The Growing Importance of First-Party Data

The lesson here, quite simply, is don’t be sneaky. Without cookies to invisibly track buyer behaviors, you have no other choice but to simply ask for the information you need. So, does this make marketing automation and behavior tracking impossible now? Of course not!

Marketing automation software still provides the opportunity to track buyer behaviors on your website. Instead of getting enormous amounts of information about people who may have never seen your products or services and using that information to target those invisible buyers in ads and offers, you can gather information from the very people who have already shown an interest in your brand. With nothing more than an email address from each visitor, you gain the ability to follow their journey through your service and product pages.
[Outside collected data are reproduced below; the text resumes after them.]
(* Let $K=\mathbb{Q}(\sqrt{d})$ with $d>1$ a square-free positive integer. Then $K$ is unit reducible if and only if $d$ is of one of the following types: (T1) $d=m^2+1$ with $m\in\mathbb{N}$ odd; (T2) $d=m^2-1$ with $m\in\mathbb{N}$ even; (T3) $d=m^2+4$ with $m\in\mathbb{N}$ odd; (T4) $d=m^2-4$ with $m\in\mathbb{N}$ odd and $m>3$.
   Context: For a totally real number field $K$ with ring of integers $\mathcal{O}_K$ and unit group $\mathcal{O}_K^\times$, let $K_{>>0}$ be the set of totally positive elements and, for $a\in K_{>>0}$, $\mu(a)=\min_{x\in\mathcal{O}_K\setminus\{0\}}\mathrm{Tr}_{K/\mathbb{Q}}(ax^2)$. $K$ is called unit reducible if $\mu(a)=\min_{u\in\mathcal{O}_K^\times}\mathrm{Tr}_{K/\mathbb{Q}}(au^2)$ for all $a\in K_{>>0}$. *)

theory Defs
  imports Complex_Main "HOL-Computational_Algebra.Polynomial" "HOL-Computational_Algebra.Squarefree"
begin

text \<open>The real quadratic field K = Q(sqrt d), realised as a subfield of the reals
  (via its first real embedding).\<close>
definition qfield :: "nat \<Rightarrow> real set" where
  "qfield d = {x. \<exists>a b :: rat. x = of_rat a + of_rat b * sqrt (real d)}"

definition qconj :: "nat \<Rightarrow> real \<Rightarrow> real" where
  "qconj d x = (THE y. \<exists>a b :: rat. x = of_rat a + of_rat b * sqrt (real d)
                                   \<and> y = of_rat a - of_rat b * sqrt (real d))"

definition qtrace :: "nat \<Rightarrow> real \<Rightarrow> real" where
  "qtrace d x = x + qconj d x"

definition qints :: "nat \<Rightarrow> real set" where
  "qints d = {x \<in> qfield d. algebraic_int x}"

definition qunits :: "nat \<Rightarrow> real set" where
  "qunits d = {u \<in> qints d. \<exists>v \<in> qints d. u * v = 1}"

definition qtotpos :: "nat \<Rightarrow> real set" where
  "qtotpos d = {a \<in> qfield d. a > 0 \<and> qconj d a > 0}"

definition qmu :: "nat \<Rightarrow> real \<Rightarrow> real" where
  "qmu d a = Inf ((\<lambda>x. qtrace d (a * x^2)) ` (qints d - {0}))"

definition unit_reducible :: "nat \<Rightarrow> bool" where
  "unit_reducible d \<longleftrightarrow>
     (\<forall>a \<in> qtotpos d. qmu d a = Inf ((\<lambda>u. qtrace d (a * u^2)) ` qunits d))"

end

theory Submission
  imports Defs
begin

text \<open>
  The integers of \<open>K = \<rat>(sqrt d)\<close> are the numbers \<open>(P + Q sqrt d)/2\<close> with
  \<open>P\<^sup>2 \<equiv> d Q\<^sup>2 (mod 4)\<close>, the units those with \<open>P\<^sup>2 - d Q\<^sup>2 = \<plusminus>4\<close>. Let \<open>\<epsilon> > 1\<close> be the
  fundamental unit. For totally positive \<open>a\<close>, \<open>Tr (a y\<^sup>2) = a y\<^sup>2 + a' y'\<^sup>2\<close> is a positive linear
  function of the point \<open>(y\<^sup>2, y'\<^sup>2)\<close>, and the units give the points \<open>(\<epsilon>\<^bsup>2k\<^esup>, \<epsilon>\<^bsup>-2k\<^esup>)\<close> on the
  hyperbola \<open>s t = 1\<close>. Hence \<open>K\<close> is unit reducible iff every nonzero integer \<open>y\<close> satisfies
  \<open>y\<^sup>2 + \<epsilon>\<^sup>2 y'\<^sup>2 \<ge> 1 + \<epsilon>\<^sup>2\<close>, i.e. lies on or above the line through the unit points \<open>(1, 1)\<close>
  and \<open>(\<epsilon>\<^sup>2, \<epsilon>\<^bsup>-2\<^esup>)\<close>. If it does, \<open>y\<close> scaled by a unit into \<open>1 \<le> y\<^sup>2 \<le> \<epsilon>\<^sup>2\<close> has trace at least
  that of one of these two units; if it does not, \<open>Tr (c y\<^sup>2) < Tr (c u\<^sup>2)\<close> for all units \<open>u\<close>,
  where \<open>c\<close> is totally positive with \<open>c' = \<epsilon>\<^sup>2 c\<close>.

  For \<open>\<epsilon> = (A + B sqrt d)/2\<close> this becomes an integral quadratic inequality in \<open>(P, Q)\<close>. It fails
  for \<open>Q = 2\<close>, or \<open>Q = 1\<close> when \<open>d mod 4 = 1\<close>, and \<open>P \<equiv> Q (mod 2)\<close> nearest to \<open>B d Q / A\<close>,
  resp. \<open>A Q / B\<close> (according as \<open>\<epsilon> \<epsilon>' = 1\<close> or \<open>-1\<close>), unless \<open>B = 1\<close>, or \<open>B = 2\<close> and
  \<open>d mod 4 \<noteq> 1\<close>. These two cases give exactly the four families, for which the inequality is
  verified directly. A unit \<open>> 1\<close> exists by unit reducibility itself: otherwise
  \<open>Tr (a x\<^sup>2) < Tr a\<close> for \<open>x = \<lfloor>sqrt d\<rfloor> + sqrt d\<close> and a totally positive \<open>a\<close> with \<open>a \<ll> a'\<close>.
\<close>

section \<open>Squarefree integers and irrationality\<close>

lemma squarefree_square_dvd_imp_abs_1:
  assumes "squarefree d" "(t::int)^2 dvd int d"
  shows "\<bar>t\<bar> = 1"
proof -
  have "int ((nat \<bar>t\<bar>)^2) = t^2" by simp
  then have "(nat \<bar>t\<bar>)^2 dvd d" using assms(2) by (metis int_dvd_int_iff)
  then have "nat \<bar>t\<bar> dvd 1" using assms(1) squarefreeD by blast
  then show ?thesis by simp
qed

lemma squarefree_not_4_dvd:
  assumes "squarefree d"
  shows "\<not> (4::int) dvd int d"
proof
  assume "(4::int) dvd int d"
  then have "(2::int)^2 dvd int d" by simp
  with assms show False using squarefree_square_dvd_imp_abs_1 by fastforce
qed

lemma squarefree_mult_square_Ints_imp_Ints:
  assumes "squarefree d" "q \<in> \<rat>" "real d * q^2 \<in> \<int>"
  shows "q \<in> \<int>"
proof -
  from assms(2) obtain s t where st: "t > 0" "coprime s t" "q = of_int s / of_int t"
    by (auto elim: Rats_cases')
  from assms(3) obtain k where "real d * q^2 = of_int k" by (auto elim: Ints_cases)
  then have "real_of_int (int d * s^2) = real_of_int (k * t^2)"
    using st by (simp add: field_simps power2_eq_square)
  then have "int d * s^2 = k * t^2" by (simp only: of_int_eq_iff)
  then have "t^2 dvd int d * s^2" by simp
  moreover have "coprime (t^2) (s^2)" using st by (simp add: coprime_commute)
  ultimately have "t^2 dvd int d" using coprime_dvd_mult_left_iff by blast
  then have "\<bar>t\<bar> = 1" by (rule squarefree_square_dvd_imp_abs_1[OF assms(1)])
  with st show ?thesis by simp
qed

lemma sqrt_squarefree_irrational:
  assumes "squarefree d" "d > 1"
  shows "sqrt (real d) \<notin> \<rat>"
proof
  assume "sqrt (real d) \<in> \<rat>"
  moreover have "algebraic_int (sqrt (real d))"
    by (intro algebraic_int_sqrt int_imp_algebraic_int) simp
  ultimately obtain k where "sqrt (real d) = of_int k"
    using rational_algebraic_int_is_int by (metis Ints_cases)
  then have "real_of_int (int d) = real_of_int (k^2)"
    by (metis of_int_of_nat_eq of_int_power of_nat_0_le_iff real_sqrt_pow2)
  then have "int d = k^2" by (simp only: of_int_eq_iff)
  then have "\<bar>k\<bar> = 1" using assms(1) squarefree_square_dvd_imp_abs_1 by simp
  then have "k^2 = 1" by (simp add: abs_eq_iff' power2_eq_1_iff)
  then show False using \<open>int d = k^2\<close> assms(2) by simp
qed

section \<open>Integral polynomials and Gauss's lemma\<close>

lemma Rats_common_denominator:
  assumes "a \<in> \<rat>" "b \<in> \<rat>"
  obtains u v w :: int where "0 < w" "a = of_int u / of_int w" "b = of_int v / of_int w"
proof -
  obtain ua wa where a: "0 < wa" "a = of_int ua / of_int wa" using assms(1)
    by (auto elim: Rats_cases')
  obtain ub wb where b: "0 < wb" "b = of_int ub / of_int wb" using assms(2)
    by (auto elim: Rats_cases')
  show thesis by (rule that[of "wa * wb" "ua * wb" "ub * wa"]) (use a b in auto)
qed

lemma poly_map_poly_of_int_add:
  "poly (map_poly of_int (p + q)) (x :: 'a :: comm_ring_1) =
     poly (map_poly of_int p) x + poly (map_poly of_int q) x"
proof -
  have "map_poly (of_int :: int \<Rightarrow> 'a) (p + q) = map_poly of_int p + map_poly of_int q"
    by (rule poly_eqI) (simp add: coeff_map_poly)
  then show ?thesis by simp
qed

lemma poly_map_poly_of_int_smult:
  "poly (map_poly of_int (smult c p)) (x :: 'a :: comm_ring_1) =
     of_int c * poly (map_poly of_int p) x"
  by (simp add: map_poly_smult)

lemma poly_map_poly_of_int_mult:
  "poly (map_poly of_int (p * q)) (x :: 'a :: comm_ring_1) =
     poly (map_poly of_int p) x * poly (map_poly of_int q) x"
proof (induction p)
  case (pCons a p)
  have "pCons a p * q = smult a q + pCons 0 (p * q)" by simp
  then show ?case using pCons
    by (simp add: poly_map_poly_of_int_add poly_map_poly_of_int_smult map_poly_pCons
        algebra_simps del: mult_pCons_left)
qed simp
theorem theorem4p1:
  fixes p :: nat
  assumes "prime p" and "odd p"
  shows "\<forall>\<epsilon>>0. \<exists>c>0. \<forall>(n::nat) (f::(nat \<Rightarrow> nat) \<Rightarrow> real) (a::real) (g::(nat \<Rightarrow> nat) \<Rightarrow> real).
           (\<forall>x\<in>Fpn p n. f x \<in> {-1..1}) \<longrightarrow> gowers_norm p n 2 f \<le> c \<longrightarrow>
           a \<in> {-1..1} \<longrightarrow> (\<forall>x\<in>Fpn p n. g x = a + f x) \<longrightarrow>
           \<bar>gowers_pow p n 3 g - (a ^ 8 + gowers_pow p n 3 f)\<bar> \<le> \<epsilon>"
proof (intro allI impI)
  fix \<epsilon> :: real
  assume "\<epsilon> > 0"
  show "\<exists>c>0. \<forall>n f a g. (\<forall>x\<in>Fpn p n. f x \<in> {-1..1}) \<longrightarrow> gowers_norm p n 2 f \<le> c \<longrightarrow>
      a \<in> {-1..1} \<longrightarrow> (\<forall>x\<in>Fpn p n. g x = a + f x) \<longrightarrow>
      \<bar>gowers_pow p n 3 g - (a ^ 8 + gowers_pow p n 3 f)\<bar> \<le> \<epsilon>"
  proof (intro exI[of _ "\<epsilon> / 256"] conjI allI impI)
    fix n f a g
    interpret Fpn_space p n
      using \<open>prime p\<close> by unfold_locales (rule prime_gt_0_nat)
    assume "\<forall>x\<in>Fpn p n. f x \<in> {-1..1}" "gowers_norm p n 2 f \<le> \<epsilon> / 256" "a \<in> {-1..1}"
      "\<forall>x\<in>Fpn p n. g x = a + f x"
    then have "\<bar>gowers_pow p n 3 g - (a ^ 8 + gowers_pow p n 3 f)\<bar> \<le> 256 * gowers_norm p n 2 f"
      by (intro gowers_pow_3_shift_le) (auto simp: abs_le_iff)
    with \<open>gowers_norm p n 2 f \<le> \<epsilon> / 256\<close>
    show "\<bar>gowers_pow p n 3 g - (a ^ 8 + gowers_pow p n 3 f)\<bar> \<le> \<epsilon>"
      by simp
  qed (use \<open>\<epsilon> > 0\<close> in simp)
qed

end
(* For every $a_1,\dots,a_{2^n}\in F$ and every $w\in F^d$: (1) there is a prover strategy $r$ such that Alice's output equals $\tilde A(w)$ with probability $1$; (2) for every prover strategy $r$, Alice's output lies in $\{\tilde A(w),Err\}$ with probability at least $1-1/n^{c-1.5}$.
   Context: Parameters. - $n>4$ is a power of $2$ with $\log_2 n$ even, and $d:=2n/\log_2 n$ is assumed to be an integer. - $F$ is a finite field with $|F|=2^a=n^c$, where $c\ge 2$ is a constant integer. - $H\subset F$ is a fixed subset with $|H|=\sqrt n$ (so $|H^d|=2^n$), and $\pi:H^d\to[2^n]$ is a fixed bijection. Low degree extension. - For $a_1,\dots,a_{2^n}\in F$, define $A:H^d\to F$ by $A(z)=a_{\pi(z)}$. - The low degree extension $\tilde A:F^d\to F$ is the unique polynomial of degree at most $|H|-1$ in each variable that agrees with $A$ on $H^d$. Its total degree is less than $n^{1.5}$. - The quantum low degree extension is $|\Psi(a_1,\dots,a_{2^n})\rangle=|F|^{-d/2}\sum_{z\in F^d}|z_1\rangle\cdots|z_d\rangle|\tilde A(z)\rangle$, a state of $O(n)$ qubits where each register holds an element of $F$. Measuring it in the standard basis yields a uniformly random $z\in F^d$ together with $\tilde A(z)$. Retrieval protocol (Alice holds $|\Psi(a_1,\dots,a_{2^n})\rangle$ and wants $\tilde A(w)$). - Alice measures the state, obtaining a uniform $z\in F^d$ and $\tilde A(z)$. If $z=w$, she outputs $\tilde A(z)$. - Otherwise she sends the line $\ell=\{w+(z-w)t:t\in F\}$ to the prover Merlin. Merlin knows $w$ and $\ell$ but not $z$. - A prover strategy $r$ is a deterministic assignment, to each line $\ell$ through $w$, of a function $g_\ell:\ell\to F$. - Let $g(t)=g_\ell(w+(z-w)t)$. Alice outputs $Err$ if $g$ is not a univariate polynomial of degree $<n^{1.5}$, or if $g(1)\ne\tilde A(z)$. Otherwise she outputs $g(0)$. *)

theory Defs
  imports "HOL-Library.FuncSet" "HOL-Computational_Algebra.Polynomial" Complex_Main
begin
(* Let $f,g\in\mathcal{S}_d$ and $\beta>0$, and suppose $\hat{\mathbb{D}}_{\beta,d}(f,g)<\infty$. Then $\hat{\mathbb{D}}_{\beta,\infty}(f,g)<\infty$.
   Context: $\mathcal{S}_d$ is the set of multiplicative functions $f=f_1*\cdots*f_d$ where each $f_i$ is completely multiplicative with $|f_i(n)|\le1$, and $(a*b)(n)=\sum_{dm=n}a(d)b(m)$. For $k\in\{1,2,\dots\}\cup\{\infty\}$, $\hat{\mathbb{D}}_{\beta,k}(f,g):=\sum_p\sum_{j=1}^k\frac{|f(p^j)-g(p^j)|}{p^{j\beta}}$ (sum over primes). *)

theory Defs
  imports "HOL-Analysis.Analysis" "HOL-Library.Extended_Nat" "HOL-Library.Extended_Nonnegative_Real"
begin

text \<open>Arithmetic functions are maps nat => complex; only values at n >= 1 matter.\<close>

definition dconv :: "(nat \<Rightarrow> complex) \<Rightarrow> (nat \<Rightarrow> complex) \<Rightarrow> nat \<Rightarrow> complex" where
  "dconv a b n = (\<Sum>d | d dvd n. a d * b (n div d))"

definition dunit :: "nat \<Rightarrow> complex" where
  "dunit n = (if n = 1 then 1 else 0)"

definition compl_mult :: "(nat \<Rightarrow> complex) \<Rightarrow> bool" where
  "compl_mult f \<longleftrightarrow> f 1 = 1 \<and> (\<forall>m n. m > 0 \<longrightarrow> n > 0 \<longrightarrow> f (m * n) = f m * f n)"

definition S_class :: "nat \<Rightarrow> (nat \<Rightarrow> complex) \<Rightarrow> bool" where
  "S_class d f \<longleftrightarrow> (\<exists>fs. length fs = d \<and>
      (\<forall>h\<in>set fs. compl_mult h \<and> (\<forall>n>0. norm (h n) \<le> 1)) \<and>
      (\<forall>n>0. f n = foldr dconv fs dunit n))"

definition Dhat :: "real \<Rightarrow> enat \<Rightarrow> (nat \<Rightarrow> complex) \<Rightarrow> (nat \<Rightarrow> complex) \<Rightarrow> ennreal" where
  "Dhat \<beta> k f g = infsum (\<lambda>(p, j). ennreal (norm (f (p ^ j) - g (p ^ j)) / real p powr (real j * \<beta>)))
      {(p, j). prime p \<and> 1 \<le> j \<and> enat j \<le> k}"

end

theory Submission
  imports Defs "HOL-Computational_Algebra.Formal_Power_Series" "HOL-Computational_Algebra.Primes"
begin

(* At a prime p, the values f(p^j) of f = f_1 * ... * f_d are the Taylor coefficients of the Euler
   factor prod_i (1 - f_i(p) X)^-1, whose inverse is a polynomial of degree d with coefficients
   bounded by 2^d. That polynomial is determined by the first d coefficients, and beyond degree d
   the coefficients obey a linear recurrence of order d with it; comparing f and g therefore gives
   |f(p^j) - g(p^j)| <= W R^j sum_{k<=d} |f(p^k) - g(p^k)| with W, R depending only on d.
   For the primes with p^beta >= 2R the terms with j > d are thus dominated by a geometric series
   times the terms with j <= d, whose sum is finite by hypothesis. The finitely many remaining
   primes contribute convergent series, since the coefficients grow only polynomially in j. *)

unbundle no vec_syntax
unbundle fps_syntax

lemma compl_mult_power:
  assumes "compl_mult h" "p > 0"
  shows "h (p ^ i) = h p ^ i"
  by (induction i) (use assms in \<open>simp_all add: compl_mult_def\<close>)

lemma dconv_prime_power:
  assumes "compl_mult h" "prime (p::nat)"
  shows "dconv h F (p ^ j) = (\<Sum>i=0..j. h p ^ i * F (p ^ (j - i)))"
proof -
  have p1: "p > 1" using assms(2) prime_gt_1_nat by blast
  have divisors: "{d. d dvd p ^ j} = (\<lambda>i. p ^ i) ` {0..j}"
    using divides_primepow_nat[OF assms(2)] by auto
  have inj: "inj_on (\<lambda>i. p ^ i) {0..j}"
    using p1 by (auto simp: inj_on_def)
  have "dconv h F (p ^ j) = (\<Sum>i=0..j. h (p ^ i) * F (p ^ j div p ^ i))"
    unfolding dconv_def divisors by (simp add: sum.reindex[OF inj])
  also have "\<dots> = (\<Sum>i=0..j. h p ^ i * F (p ^ (j - i)))"
    using p1 by (intro sum.cong) (simp_all add: compl_mult_power[OF assms(1)] power_diff)
  finally show ?thesis .
qed

definition euler_fps :: "'a::comm_ring_1 list \<Rightarrow> 'a fps" where
  "euler_fps as = (\<Prod>a\<leftarrow>as. Abs_fps (\<lambda>n. a ^ n))"

definition euler_denom :: "'a::comm_ring_1 list \<Rightarrow> 'a fps" where
  "euler_denom as = (\<Prod>a\<leftarrow>as. 1 - fps_const a * fps_X)"

lemma foldr_dconv_prime_power:
  assumes "\<forall>h\<in>set hs. compl_mult h" "prime p"
  shows "foldr dconv hs dunit (p ^ j) = euler_fps (map (\<lambda>h. h p) hs) $ j"
  using assms(1)
proof (induction hs arbitrary: j)
  case Nil
  have "p ^ j = 1 \<longleftrightarrow> j = 0" using prime_gt_1_nat[OF assms(2)] by simp
  then show ?case by (simp add: dunit_def euler_fps_def)
next
  case (Cons h hs)
  then show ?case
    by (simp add: dconv_prime_power[OF _ assms(2)] fps_mult_nth euler_fps_def)
qed

lemma S_class_prime_power:
  assumes "S_class d f" "prime p"
  obtains as where "length as = d" "\<forall>a\<in>set as. norm a \<le> 1" "\<And>j. f (p ^ j) = euler_fps as $ j"
proof -
  obtain hs where hs: "length hs = d" "\<forall>h\<in>set hs. compl_mult h \<and> (\<forall>n>0. norm (h n) \<le> 1)"
      "\<forall>n>0. f n = foldr dconv hs dunit n"
    using assms(1) unfolding S_class_def by blast
  have "p > 0" using assms(2) prime_gt_0_nat by blast
  then show ?thesis
    using that[of "map (\<lambda>h. h p) hs"] hs foldr_dconv_prime_power[OF _ assms(2)] by auto
qed

lemma one_minus_const_X_mult_nth:
  fixes F :: "'a::comm_ring_1 fps"
  shows "((1 - fps_const a * fps_X) * F) $ k = F $ k - (if k = 0 then 0 else a * F $ (k - 1))"
proof -
  have "(1 - fps_const a * fps_X) * F = F - fps_const a * (fps_X * F)" by (simp add: algebra_simps)
  then show ?thesis by simp
qed

lemma euler_denom_mult_euler_fps: "euler_denom as * euler_fps as = 1"
proof (induction as)
  case Nil then show ?case by (simp add: euler_denom_def euler_fps_def)
next
  case (Cons a as)
  have geometric: "(1 - fps_const a * fps_X) * Abs_fps (\<lambda>n. a ^ n) = 1"
  proof (rule fps_ext)
    fix n
    show "((1 - fps_const a * fps_X) * Abs_fps (\<lambda>n. a ^ n)) $ n = (1 :: 'a fps) $ n"
      by (cases n) (simp_all add: algebra_simps)
  qed
  have "euler_denom (a # as) * euler_fps (a # as)
      = ((1 - fps_const a * fps_X) * Abs_fps (\<lambda>n. a ^ n)) * (euler_denom as * euler_fps as)"
    by (simp add: euler_denom_def euler_fps_def algebra_simps)
  then show ?case using Cons geometric by simp
qed

lemma euler_denom_nth_0: "euler_denom as $ 0 = 1"
  by (induction as) (simp_all add: euler_denom_def one_minus_const_X_mult_nth)

lemma euler_denom_nth_eq_0: "length as < k \<Longrightarrow> euler_denom as $ k = 0"
  by (induction as arbitrary: k) (simp_all add: euler_denom_def one_minus_const_X_mult_nth)

lemma norm_euler_denom_nth_le:
  fixes as :: "'a::real_normed_field list"
  assumes "\<forall>a\<in>set as. norm a \<le> 1"
  shows "norm (euler_denom as $ k) \<le> 2 ^ length as"
  using assms
proof (induction as arbitrary: k)
  case Nil then show ?case by (simp add: euler_denom_def)
next
  case (Cons a as)
  have IH: "norm (euler_denom as $ i) \<le> 2 ^ length as" for i using Cons by simp
  have shifted: "norm (if k = 0 then 0 else a * euler_denom as $ (k - 1)) \<le> 2 ^ length as"
  proof (cases "k = 0")
    case False
    have "norm (a * euler_denom as $ (k - 1)) \<le> 1 * 2 ^ length as"
      unfolding norm_mult using Cons.prems IH by (intro mult_mono) auto
    then show ?thesis using False by simp
  qed simp
  have "euler_denom (a # as) $ k
      = euler_denom as $ k - (if k = 0 then 0 else a * euler_denom as $ (k - 1))"
    by (simp add: euler_denom_def one_minus_const_X_mult_nth)
  then have "norm (euler_denom (a # as) $ k)
      \<le> norm (euler_denom as $ k) + norm (if k = 0 then 0 else a * euler_denom as $ (k - 1))"
    by (simp only: norm_triangle_ineq4)
  also have "\<dots> \<le> 2 ^ length as + 2 ^ length as" using IH shifted by (rule add_mono)
  finally show ?case by simp
qed

(* The j-th coefficient of (1 - X)^-d, which dominates the coefficients of the Euler factor. *)
fun num_weak_compositions :: "nat \<Rightarrow> nat \<Rightarrow> real" where
  "num_weak_compositions 0 j = (if j = 0 then 1 else 0)"
| "num_weak_compositions (Suc d) j = (\<Sum>i\<le>j. num_weak_compositions d (j - i))"

lemma num_weak_compositions_nonneg: "num_weak_compositions d j \<ge> 0"
  by (induction d arbitrary: j) (auto intro: sum_nonneg)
There are several ways to elicit the first piece of contact information from potential buyers, such as:

  • Newsletter signups
  • Blog alerts
  • Discount offers
  • Ebooks, white papers, and case study information

These are some of the most popular options, but you may find more creative things to trade for a name or email address.

As of right now, only 47% of companies are engaging in cookie-less targeting. You have a chance to gain an edge of your competitors by providing transparent and authentic opportunities to engage with your buyers and provide truly personalized experiences.